INSTRUCTIONS TO FOLLOW:
Some entries follow. Reproduce exactly the lines starting at the one with "number n of" and stopping after the one with "measure_pmf.expectation q".

GIVEN RECORDS:
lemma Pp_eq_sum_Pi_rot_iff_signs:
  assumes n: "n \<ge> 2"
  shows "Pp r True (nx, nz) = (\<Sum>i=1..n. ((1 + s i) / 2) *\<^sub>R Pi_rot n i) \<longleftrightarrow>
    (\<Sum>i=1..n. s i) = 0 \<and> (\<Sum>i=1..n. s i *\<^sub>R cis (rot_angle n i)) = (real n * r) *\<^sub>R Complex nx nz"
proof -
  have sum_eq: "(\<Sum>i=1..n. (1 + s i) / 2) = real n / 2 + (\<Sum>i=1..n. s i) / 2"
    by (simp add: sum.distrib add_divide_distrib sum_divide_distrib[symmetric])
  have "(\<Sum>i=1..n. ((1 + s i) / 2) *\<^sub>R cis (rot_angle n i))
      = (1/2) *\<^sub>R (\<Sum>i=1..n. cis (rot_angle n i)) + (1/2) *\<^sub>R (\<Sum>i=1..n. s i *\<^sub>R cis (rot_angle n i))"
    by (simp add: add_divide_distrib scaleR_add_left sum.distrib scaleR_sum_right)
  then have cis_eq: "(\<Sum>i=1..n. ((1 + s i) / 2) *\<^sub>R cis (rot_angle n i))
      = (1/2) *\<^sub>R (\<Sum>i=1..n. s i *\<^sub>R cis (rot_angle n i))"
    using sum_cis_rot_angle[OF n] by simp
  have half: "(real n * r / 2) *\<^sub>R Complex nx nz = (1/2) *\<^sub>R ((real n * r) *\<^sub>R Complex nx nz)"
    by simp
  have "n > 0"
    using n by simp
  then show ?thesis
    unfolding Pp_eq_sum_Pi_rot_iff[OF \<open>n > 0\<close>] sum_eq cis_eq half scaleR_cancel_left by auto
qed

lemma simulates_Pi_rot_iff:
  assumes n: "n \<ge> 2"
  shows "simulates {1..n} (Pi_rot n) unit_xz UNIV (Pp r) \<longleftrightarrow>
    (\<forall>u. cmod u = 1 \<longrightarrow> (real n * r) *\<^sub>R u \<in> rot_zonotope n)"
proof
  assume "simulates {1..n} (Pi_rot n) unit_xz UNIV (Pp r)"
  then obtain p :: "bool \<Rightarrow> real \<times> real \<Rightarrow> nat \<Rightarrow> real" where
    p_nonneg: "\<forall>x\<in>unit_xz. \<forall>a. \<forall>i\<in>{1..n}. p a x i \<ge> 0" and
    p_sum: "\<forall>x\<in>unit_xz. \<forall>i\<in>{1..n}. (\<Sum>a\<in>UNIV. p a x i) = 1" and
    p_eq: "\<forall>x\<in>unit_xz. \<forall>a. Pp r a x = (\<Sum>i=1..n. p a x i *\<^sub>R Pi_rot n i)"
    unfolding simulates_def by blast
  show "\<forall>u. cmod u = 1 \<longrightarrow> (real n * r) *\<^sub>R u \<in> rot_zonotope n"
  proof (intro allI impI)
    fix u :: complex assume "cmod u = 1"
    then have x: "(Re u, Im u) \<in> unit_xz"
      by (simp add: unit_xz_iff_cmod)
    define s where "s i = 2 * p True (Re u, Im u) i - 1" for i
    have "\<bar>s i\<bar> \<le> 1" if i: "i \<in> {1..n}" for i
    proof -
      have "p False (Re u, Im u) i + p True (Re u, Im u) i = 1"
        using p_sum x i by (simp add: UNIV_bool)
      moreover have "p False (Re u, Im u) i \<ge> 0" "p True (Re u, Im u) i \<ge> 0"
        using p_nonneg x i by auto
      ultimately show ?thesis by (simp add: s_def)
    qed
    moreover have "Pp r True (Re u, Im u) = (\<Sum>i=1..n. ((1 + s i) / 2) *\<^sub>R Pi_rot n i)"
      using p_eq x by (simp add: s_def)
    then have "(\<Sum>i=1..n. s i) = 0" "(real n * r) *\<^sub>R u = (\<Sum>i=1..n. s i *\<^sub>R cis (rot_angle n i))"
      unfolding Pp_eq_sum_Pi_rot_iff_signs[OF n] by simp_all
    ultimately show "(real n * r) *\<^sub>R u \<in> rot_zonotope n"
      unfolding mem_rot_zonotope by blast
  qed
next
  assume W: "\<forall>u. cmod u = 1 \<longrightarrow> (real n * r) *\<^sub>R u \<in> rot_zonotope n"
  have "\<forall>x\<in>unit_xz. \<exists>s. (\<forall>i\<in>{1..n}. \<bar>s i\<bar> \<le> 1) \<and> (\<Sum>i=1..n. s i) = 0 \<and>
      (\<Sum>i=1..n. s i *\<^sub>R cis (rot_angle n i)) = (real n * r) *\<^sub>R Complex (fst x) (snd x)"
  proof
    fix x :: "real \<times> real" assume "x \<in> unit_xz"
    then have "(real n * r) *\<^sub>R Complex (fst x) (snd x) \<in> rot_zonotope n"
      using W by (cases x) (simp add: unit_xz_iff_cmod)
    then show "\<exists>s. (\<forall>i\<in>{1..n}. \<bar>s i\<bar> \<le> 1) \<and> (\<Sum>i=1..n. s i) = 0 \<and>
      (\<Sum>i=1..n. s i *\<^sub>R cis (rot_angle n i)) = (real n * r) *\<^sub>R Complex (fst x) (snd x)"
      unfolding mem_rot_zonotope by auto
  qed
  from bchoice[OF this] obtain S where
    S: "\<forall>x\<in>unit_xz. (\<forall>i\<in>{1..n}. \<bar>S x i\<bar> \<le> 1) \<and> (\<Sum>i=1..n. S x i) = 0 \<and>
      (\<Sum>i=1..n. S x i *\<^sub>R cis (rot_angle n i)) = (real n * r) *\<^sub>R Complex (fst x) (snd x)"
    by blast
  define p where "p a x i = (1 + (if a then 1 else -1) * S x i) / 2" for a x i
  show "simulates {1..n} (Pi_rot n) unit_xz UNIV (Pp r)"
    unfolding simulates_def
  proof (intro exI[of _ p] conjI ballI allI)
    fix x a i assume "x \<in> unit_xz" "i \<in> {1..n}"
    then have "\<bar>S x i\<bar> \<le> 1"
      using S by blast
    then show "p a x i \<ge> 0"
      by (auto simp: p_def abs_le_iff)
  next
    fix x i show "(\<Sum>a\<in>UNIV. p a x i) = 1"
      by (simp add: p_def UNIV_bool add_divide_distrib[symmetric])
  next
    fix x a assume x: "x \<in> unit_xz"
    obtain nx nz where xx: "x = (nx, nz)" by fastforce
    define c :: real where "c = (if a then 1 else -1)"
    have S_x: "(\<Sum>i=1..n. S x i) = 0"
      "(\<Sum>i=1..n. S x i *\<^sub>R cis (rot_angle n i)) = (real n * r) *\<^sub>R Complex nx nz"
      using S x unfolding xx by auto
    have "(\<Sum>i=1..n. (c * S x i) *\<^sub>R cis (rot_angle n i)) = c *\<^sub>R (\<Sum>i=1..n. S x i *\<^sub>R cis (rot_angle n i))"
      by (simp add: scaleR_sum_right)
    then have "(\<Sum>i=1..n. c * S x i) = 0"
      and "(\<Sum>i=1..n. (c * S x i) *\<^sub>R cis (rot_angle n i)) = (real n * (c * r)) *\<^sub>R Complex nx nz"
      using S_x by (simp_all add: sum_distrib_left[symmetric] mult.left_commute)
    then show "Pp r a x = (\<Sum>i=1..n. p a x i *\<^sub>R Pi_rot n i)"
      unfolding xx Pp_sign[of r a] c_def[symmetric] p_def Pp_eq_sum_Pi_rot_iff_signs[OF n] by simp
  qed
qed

---

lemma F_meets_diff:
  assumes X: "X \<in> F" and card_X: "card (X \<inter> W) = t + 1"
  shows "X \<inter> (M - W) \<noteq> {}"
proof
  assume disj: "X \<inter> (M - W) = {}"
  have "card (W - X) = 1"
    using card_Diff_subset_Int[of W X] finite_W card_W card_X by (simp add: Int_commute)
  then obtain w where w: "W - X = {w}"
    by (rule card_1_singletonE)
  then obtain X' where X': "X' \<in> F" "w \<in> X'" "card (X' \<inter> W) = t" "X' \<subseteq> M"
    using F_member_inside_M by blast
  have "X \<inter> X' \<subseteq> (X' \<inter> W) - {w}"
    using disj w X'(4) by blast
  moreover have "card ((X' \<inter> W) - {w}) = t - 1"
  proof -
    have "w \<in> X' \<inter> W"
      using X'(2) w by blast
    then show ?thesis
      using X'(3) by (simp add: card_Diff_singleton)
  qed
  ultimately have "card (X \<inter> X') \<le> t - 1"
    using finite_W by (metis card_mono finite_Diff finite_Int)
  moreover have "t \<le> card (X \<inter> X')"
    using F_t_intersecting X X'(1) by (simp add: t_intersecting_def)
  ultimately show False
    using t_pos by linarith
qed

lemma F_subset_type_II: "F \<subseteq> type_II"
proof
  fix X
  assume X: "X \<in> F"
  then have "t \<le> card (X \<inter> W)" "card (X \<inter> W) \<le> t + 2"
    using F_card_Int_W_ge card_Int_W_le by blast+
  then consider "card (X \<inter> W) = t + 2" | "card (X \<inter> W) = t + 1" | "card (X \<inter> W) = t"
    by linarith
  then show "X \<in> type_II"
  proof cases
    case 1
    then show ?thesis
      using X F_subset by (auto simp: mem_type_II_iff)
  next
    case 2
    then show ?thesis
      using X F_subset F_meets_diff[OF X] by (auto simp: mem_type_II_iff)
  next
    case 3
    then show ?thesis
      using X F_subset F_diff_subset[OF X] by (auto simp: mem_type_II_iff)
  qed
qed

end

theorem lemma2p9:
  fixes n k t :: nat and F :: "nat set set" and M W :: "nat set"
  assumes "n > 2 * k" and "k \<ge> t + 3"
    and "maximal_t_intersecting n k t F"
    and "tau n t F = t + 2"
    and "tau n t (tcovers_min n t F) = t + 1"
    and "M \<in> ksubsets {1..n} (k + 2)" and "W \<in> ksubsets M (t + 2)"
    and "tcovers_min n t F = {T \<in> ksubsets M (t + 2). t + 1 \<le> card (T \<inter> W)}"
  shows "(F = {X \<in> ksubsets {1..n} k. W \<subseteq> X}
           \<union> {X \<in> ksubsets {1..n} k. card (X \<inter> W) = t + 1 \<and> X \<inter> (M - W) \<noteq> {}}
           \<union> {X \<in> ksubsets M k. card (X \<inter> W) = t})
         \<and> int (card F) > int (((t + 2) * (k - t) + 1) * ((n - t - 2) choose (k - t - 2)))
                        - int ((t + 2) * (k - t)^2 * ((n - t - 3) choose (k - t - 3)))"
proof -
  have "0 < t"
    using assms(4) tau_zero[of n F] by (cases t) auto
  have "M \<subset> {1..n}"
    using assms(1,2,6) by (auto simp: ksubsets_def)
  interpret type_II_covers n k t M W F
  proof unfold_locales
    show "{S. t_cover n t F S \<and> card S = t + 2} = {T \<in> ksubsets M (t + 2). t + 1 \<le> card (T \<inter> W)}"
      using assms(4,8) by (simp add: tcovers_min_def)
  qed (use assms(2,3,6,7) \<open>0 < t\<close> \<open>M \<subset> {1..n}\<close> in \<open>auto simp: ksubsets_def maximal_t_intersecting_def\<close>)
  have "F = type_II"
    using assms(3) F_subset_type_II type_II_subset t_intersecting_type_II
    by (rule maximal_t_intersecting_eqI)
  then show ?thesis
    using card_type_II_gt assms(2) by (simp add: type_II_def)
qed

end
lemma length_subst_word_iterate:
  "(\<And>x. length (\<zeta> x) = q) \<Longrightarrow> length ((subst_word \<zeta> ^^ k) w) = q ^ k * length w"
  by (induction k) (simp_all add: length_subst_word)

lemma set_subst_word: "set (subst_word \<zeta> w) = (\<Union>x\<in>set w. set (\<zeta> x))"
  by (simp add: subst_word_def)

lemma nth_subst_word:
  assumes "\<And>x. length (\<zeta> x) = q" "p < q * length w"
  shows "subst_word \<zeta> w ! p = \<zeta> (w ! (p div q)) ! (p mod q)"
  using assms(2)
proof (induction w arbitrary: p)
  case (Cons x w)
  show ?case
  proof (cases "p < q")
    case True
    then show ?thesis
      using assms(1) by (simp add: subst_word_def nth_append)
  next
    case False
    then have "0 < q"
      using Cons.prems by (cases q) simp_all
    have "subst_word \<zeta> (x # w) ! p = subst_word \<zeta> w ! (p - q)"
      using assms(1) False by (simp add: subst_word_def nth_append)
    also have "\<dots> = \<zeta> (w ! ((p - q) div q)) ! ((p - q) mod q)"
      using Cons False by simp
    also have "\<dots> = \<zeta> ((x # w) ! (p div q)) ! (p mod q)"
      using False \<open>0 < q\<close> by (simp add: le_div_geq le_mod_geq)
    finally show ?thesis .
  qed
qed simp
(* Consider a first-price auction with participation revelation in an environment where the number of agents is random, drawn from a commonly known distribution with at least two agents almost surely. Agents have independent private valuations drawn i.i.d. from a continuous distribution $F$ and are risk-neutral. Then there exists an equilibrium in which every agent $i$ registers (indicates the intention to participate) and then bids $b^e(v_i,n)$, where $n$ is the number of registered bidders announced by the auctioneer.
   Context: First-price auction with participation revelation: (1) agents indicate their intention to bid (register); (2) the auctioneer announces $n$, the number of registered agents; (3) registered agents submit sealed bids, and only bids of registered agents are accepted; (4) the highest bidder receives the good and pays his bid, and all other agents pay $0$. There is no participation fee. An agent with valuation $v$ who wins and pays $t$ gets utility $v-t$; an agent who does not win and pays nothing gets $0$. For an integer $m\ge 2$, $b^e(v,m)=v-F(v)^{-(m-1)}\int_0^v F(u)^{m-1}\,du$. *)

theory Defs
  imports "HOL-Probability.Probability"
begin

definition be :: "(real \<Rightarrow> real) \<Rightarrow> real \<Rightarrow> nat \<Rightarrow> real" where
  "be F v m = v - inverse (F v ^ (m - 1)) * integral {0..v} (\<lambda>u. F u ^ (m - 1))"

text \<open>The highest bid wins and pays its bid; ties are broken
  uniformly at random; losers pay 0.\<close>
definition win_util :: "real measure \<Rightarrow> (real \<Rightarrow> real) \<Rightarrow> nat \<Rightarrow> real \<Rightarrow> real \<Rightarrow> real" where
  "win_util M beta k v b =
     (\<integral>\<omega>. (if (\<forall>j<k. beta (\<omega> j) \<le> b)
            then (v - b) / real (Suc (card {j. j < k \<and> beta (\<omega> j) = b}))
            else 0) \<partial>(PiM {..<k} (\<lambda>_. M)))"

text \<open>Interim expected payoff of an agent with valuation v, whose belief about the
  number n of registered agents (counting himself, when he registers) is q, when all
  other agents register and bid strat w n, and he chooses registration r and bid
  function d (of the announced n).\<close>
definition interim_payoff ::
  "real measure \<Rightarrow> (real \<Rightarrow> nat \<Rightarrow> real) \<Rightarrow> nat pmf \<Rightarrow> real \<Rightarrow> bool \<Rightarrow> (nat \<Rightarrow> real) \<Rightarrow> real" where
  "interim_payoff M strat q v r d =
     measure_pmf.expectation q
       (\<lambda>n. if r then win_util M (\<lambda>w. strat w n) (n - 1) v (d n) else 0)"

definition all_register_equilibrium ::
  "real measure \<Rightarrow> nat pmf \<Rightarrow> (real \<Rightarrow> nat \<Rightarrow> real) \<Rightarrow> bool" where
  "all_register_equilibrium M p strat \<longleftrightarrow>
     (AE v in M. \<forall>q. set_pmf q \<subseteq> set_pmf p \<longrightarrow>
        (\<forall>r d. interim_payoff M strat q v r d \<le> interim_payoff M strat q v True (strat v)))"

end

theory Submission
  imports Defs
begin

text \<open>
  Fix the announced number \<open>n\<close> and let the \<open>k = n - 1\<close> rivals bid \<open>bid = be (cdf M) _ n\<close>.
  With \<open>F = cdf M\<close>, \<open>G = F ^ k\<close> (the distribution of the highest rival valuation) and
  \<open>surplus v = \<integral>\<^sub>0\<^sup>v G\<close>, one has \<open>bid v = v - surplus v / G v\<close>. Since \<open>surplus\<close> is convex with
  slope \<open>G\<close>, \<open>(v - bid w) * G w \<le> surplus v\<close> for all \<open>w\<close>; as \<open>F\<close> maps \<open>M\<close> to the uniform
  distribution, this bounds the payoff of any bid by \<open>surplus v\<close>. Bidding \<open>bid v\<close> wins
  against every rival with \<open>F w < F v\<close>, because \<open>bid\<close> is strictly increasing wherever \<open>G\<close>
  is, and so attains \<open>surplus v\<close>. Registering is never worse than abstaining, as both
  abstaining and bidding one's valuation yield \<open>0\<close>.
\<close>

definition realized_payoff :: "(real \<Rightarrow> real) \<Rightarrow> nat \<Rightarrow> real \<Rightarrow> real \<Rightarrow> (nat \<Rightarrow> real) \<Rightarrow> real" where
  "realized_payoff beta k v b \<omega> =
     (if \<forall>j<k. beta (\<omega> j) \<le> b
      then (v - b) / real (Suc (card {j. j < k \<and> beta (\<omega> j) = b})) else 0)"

RESPONSE AREA:
  number n of registered agents (counting himself, when he registers) is q, when all
  other agents register and bid strat w n, and he chooses registration r and bid
  function d (of the announced n).\<close>
definition interim_payoff ::
  "real measure \<Rightarrow> (real \<Rightarrow> nat \<Rightarrow> real) \<Rightarrow> nat pmf \<Rightarrow> real \<Rightarrow> bool \<Rightarrow> (nat \<Rightarrow> real) \<Rightarrow> real" where
  "interim_payoff M strat q v r d =
     measure_pmf.expectation q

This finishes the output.